What is needed: Using the entries below, output each line exactly from the first through the one that contains "character_closed[OF \<chi>] by blast".
[Entries shown Boundary: Start]
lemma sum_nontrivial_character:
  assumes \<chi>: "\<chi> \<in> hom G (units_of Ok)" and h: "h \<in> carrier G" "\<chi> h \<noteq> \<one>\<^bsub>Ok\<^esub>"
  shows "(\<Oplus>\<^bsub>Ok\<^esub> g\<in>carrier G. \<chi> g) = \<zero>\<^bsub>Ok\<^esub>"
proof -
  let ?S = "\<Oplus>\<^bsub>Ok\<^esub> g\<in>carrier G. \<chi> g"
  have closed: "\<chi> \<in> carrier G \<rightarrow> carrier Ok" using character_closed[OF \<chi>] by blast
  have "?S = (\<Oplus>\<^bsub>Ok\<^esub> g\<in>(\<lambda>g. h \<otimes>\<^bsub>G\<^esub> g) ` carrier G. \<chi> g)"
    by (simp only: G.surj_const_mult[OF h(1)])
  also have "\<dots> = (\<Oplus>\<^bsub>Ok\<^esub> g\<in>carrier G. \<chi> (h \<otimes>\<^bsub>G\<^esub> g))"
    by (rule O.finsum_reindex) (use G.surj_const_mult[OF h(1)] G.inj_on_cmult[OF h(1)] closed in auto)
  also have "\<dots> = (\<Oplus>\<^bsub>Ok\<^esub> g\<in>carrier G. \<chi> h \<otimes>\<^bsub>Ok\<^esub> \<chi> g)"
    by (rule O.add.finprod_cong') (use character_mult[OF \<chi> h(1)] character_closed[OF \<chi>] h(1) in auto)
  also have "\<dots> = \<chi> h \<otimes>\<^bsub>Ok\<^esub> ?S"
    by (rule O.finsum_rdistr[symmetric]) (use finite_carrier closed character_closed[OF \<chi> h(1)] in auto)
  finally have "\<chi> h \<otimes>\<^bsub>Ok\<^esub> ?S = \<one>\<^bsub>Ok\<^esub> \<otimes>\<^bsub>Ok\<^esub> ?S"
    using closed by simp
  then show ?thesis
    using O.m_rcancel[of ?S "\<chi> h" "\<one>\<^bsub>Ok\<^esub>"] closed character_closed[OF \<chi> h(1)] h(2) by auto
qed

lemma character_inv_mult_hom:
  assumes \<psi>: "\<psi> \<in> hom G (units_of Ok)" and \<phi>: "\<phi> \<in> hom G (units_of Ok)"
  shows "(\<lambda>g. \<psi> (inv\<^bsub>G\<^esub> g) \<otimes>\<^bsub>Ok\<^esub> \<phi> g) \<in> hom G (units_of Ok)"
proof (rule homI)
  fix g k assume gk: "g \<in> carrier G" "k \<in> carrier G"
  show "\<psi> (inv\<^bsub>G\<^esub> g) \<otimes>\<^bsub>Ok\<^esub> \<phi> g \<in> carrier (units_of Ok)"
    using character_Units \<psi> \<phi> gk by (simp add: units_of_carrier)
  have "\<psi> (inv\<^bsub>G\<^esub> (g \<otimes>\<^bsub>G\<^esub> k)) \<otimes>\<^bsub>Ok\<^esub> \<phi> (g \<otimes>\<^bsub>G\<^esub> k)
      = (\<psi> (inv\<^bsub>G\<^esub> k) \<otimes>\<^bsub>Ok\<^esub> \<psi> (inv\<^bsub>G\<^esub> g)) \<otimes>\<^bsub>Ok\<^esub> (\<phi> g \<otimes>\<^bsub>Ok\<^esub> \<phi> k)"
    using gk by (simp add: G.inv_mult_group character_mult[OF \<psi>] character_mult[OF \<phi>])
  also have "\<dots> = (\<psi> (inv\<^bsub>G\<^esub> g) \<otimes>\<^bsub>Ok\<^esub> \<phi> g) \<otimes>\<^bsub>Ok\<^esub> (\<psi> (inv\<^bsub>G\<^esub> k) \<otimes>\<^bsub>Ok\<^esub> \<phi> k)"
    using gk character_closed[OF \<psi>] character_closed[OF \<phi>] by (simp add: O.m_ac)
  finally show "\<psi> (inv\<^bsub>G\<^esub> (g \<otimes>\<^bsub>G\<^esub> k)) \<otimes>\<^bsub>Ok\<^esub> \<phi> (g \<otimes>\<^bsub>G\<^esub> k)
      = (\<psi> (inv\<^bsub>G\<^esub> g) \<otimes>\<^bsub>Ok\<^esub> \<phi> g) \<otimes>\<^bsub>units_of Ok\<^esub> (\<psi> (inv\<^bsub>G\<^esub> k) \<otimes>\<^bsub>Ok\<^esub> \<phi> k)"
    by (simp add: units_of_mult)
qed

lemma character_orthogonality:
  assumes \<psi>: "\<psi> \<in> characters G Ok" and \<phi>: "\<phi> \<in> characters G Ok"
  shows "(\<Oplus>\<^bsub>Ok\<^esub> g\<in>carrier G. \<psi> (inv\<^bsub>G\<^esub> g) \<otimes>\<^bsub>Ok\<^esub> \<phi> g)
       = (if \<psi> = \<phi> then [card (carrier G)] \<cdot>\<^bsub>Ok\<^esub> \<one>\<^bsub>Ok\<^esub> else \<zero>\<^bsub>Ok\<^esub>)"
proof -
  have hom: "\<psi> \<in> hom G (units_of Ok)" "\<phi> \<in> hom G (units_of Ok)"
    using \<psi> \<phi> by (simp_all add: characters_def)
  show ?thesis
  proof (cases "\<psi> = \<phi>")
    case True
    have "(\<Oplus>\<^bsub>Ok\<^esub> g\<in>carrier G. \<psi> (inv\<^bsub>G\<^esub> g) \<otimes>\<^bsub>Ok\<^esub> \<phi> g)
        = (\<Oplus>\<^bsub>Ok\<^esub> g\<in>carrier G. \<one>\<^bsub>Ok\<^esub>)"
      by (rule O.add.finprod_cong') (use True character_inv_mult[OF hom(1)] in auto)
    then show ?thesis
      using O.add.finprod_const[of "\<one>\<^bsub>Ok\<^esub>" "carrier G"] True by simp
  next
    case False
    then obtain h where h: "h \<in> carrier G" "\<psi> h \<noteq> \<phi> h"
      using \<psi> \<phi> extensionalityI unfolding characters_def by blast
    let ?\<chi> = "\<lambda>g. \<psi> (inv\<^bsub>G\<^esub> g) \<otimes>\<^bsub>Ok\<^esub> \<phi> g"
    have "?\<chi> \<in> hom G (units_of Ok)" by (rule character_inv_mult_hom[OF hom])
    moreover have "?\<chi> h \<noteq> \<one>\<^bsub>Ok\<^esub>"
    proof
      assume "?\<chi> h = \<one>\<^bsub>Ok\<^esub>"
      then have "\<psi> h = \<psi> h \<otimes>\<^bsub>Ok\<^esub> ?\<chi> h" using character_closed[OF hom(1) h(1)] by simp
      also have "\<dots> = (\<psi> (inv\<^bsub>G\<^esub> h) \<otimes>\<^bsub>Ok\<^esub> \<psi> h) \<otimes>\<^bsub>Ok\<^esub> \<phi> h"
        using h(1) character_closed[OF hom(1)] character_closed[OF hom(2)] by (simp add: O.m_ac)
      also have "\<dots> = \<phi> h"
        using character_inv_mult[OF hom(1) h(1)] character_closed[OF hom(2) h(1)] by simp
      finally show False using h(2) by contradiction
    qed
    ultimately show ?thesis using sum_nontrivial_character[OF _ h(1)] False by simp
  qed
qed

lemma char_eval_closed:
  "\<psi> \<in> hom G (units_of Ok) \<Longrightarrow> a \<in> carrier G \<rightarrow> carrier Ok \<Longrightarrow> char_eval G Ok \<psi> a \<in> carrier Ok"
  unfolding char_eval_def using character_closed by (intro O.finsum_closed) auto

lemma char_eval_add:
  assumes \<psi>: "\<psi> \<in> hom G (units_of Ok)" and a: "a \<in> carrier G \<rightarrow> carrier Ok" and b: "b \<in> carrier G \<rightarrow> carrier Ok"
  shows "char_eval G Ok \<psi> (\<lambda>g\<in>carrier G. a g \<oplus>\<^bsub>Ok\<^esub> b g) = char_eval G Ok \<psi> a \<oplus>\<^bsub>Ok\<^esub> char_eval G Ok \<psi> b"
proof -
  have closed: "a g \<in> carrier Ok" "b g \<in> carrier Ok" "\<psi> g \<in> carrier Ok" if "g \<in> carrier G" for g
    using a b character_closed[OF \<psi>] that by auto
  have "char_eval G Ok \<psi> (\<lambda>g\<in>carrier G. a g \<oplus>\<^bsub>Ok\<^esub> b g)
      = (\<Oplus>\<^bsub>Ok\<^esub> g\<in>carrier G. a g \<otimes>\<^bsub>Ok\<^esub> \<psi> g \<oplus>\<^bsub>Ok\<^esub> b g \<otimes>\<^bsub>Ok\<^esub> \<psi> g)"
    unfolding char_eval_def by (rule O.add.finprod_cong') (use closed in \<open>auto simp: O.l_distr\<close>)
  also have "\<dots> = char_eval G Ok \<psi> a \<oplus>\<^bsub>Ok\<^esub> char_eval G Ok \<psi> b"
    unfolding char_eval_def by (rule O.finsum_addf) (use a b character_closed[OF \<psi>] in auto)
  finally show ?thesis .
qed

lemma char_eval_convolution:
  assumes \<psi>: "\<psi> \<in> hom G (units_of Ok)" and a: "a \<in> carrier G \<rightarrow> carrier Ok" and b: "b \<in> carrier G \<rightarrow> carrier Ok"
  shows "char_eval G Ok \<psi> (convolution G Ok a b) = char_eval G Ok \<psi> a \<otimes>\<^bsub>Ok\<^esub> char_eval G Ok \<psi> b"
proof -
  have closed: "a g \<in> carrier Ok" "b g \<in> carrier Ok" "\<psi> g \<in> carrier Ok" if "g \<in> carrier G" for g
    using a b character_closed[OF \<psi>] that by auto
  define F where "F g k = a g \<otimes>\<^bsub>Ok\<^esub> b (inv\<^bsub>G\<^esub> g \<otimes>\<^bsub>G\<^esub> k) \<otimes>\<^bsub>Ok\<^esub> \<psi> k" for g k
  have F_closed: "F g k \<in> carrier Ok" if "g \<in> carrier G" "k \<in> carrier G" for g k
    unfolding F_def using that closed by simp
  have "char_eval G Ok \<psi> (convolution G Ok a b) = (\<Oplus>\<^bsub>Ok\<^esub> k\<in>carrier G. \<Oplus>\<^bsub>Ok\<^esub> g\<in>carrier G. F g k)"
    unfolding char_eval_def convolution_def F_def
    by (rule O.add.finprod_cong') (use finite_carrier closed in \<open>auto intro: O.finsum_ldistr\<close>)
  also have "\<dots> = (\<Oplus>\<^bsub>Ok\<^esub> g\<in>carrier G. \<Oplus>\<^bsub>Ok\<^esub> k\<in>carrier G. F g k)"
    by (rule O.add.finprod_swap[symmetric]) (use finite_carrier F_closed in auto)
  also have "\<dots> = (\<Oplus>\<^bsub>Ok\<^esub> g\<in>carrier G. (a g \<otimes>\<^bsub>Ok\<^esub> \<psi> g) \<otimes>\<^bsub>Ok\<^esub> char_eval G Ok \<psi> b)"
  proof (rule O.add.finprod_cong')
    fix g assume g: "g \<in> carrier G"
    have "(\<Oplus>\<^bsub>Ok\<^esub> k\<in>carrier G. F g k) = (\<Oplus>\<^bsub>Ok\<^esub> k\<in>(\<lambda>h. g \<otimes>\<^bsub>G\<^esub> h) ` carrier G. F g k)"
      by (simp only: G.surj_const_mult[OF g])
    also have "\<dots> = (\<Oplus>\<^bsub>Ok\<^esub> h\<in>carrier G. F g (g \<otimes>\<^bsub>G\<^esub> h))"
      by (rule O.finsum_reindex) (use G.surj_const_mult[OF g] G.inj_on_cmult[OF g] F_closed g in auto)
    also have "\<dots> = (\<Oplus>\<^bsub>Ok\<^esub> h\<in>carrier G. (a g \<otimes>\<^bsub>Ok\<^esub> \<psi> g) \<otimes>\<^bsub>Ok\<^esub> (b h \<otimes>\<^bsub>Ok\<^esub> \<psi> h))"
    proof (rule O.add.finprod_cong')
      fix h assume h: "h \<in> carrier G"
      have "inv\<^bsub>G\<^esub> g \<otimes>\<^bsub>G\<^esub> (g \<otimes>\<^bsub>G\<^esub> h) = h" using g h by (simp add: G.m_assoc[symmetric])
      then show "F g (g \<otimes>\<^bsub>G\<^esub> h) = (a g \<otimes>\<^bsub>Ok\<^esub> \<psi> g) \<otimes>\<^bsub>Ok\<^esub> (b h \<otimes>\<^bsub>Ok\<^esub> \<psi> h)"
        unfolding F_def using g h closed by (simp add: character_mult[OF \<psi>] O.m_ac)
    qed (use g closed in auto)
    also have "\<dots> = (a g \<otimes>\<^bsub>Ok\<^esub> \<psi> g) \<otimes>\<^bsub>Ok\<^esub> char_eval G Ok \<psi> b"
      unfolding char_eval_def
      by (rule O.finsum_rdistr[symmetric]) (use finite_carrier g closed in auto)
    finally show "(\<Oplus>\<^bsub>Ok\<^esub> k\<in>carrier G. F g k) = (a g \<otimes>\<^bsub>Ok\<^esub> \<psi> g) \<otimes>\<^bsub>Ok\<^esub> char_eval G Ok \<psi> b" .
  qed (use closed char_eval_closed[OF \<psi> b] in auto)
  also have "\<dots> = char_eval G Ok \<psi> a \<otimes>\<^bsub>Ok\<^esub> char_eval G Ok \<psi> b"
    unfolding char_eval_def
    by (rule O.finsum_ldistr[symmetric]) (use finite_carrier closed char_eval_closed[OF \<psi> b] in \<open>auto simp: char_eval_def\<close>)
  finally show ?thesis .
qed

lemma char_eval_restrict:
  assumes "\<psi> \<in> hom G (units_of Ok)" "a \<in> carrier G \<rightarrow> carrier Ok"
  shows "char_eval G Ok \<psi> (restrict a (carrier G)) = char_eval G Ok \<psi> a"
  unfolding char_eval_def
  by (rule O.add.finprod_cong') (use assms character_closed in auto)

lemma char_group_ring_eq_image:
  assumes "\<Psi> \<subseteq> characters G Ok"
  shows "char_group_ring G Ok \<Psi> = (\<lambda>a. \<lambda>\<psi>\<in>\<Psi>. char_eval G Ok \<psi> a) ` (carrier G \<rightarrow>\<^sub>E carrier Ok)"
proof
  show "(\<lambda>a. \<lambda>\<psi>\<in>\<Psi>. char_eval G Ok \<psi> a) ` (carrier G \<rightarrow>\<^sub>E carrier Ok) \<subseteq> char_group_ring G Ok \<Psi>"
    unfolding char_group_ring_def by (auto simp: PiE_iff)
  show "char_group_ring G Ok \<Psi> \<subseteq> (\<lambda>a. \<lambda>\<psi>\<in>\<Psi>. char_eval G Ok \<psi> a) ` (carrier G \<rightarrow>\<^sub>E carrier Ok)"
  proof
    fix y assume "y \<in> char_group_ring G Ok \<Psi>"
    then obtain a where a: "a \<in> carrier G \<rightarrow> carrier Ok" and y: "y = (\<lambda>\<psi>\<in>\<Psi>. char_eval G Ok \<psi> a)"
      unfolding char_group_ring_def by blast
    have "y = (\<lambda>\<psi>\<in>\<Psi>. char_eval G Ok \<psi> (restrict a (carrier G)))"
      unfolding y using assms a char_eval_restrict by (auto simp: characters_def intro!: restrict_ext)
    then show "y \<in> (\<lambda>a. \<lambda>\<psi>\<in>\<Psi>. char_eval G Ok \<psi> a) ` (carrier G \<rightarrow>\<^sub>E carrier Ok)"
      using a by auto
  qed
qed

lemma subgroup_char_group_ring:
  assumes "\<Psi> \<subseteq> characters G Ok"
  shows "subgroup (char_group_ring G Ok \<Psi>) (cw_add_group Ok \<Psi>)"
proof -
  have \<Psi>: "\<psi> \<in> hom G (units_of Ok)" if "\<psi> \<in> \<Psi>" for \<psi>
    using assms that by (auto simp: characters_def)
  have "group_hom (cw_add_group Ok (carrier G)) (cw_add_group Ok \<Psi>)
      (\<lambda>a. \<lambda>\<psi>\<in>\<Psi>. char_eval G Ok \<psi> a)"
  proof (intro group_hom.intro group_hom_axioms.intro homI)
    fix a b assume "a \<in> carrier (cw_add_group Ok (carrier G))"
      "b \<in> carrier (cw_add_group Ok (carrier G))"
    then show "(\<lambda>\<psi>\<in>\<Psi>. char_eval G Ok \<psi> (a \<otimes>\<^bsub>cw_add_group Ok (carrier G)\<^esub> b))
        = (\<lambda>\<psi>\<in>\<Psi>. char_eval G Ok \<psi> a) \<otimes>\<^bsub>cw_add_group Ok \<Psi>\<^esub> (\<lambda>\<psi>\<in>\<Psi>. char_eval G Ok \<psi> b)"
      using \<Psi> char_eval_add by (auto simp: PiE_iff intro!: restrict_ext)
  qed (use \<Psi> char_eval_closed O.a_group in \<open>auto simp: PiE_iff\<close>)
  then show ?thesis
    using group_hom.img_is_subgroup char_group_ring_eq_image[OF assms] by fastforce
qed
[Entries shown Boundary: End]
Answer for the task:
lemma sum_nontrivial_character:
  assumes \<chi>: "\<chi> \<in> hom G (units_of Ok)" and h: "h \<in> carrier G" "\<chi> h \<noteq> \<one>\<^bsub>Ok\<^esub>"
  shows "(\<Oplus>\<^bsub>Ok\<^esub> g\<in>carrier G. \<chi> g) = \<zero>\<^bsub>Ok\<^esub>"
proof -
  let ?S = "\<Oplus>\<^bsub>Ok\<^esub> g\<in>carrier G. \<chi> g"
  have closed: "\<chi> \<in> carrier G \<rightarrow> carrier Ok" using character_closed[OF \<chi>] by blast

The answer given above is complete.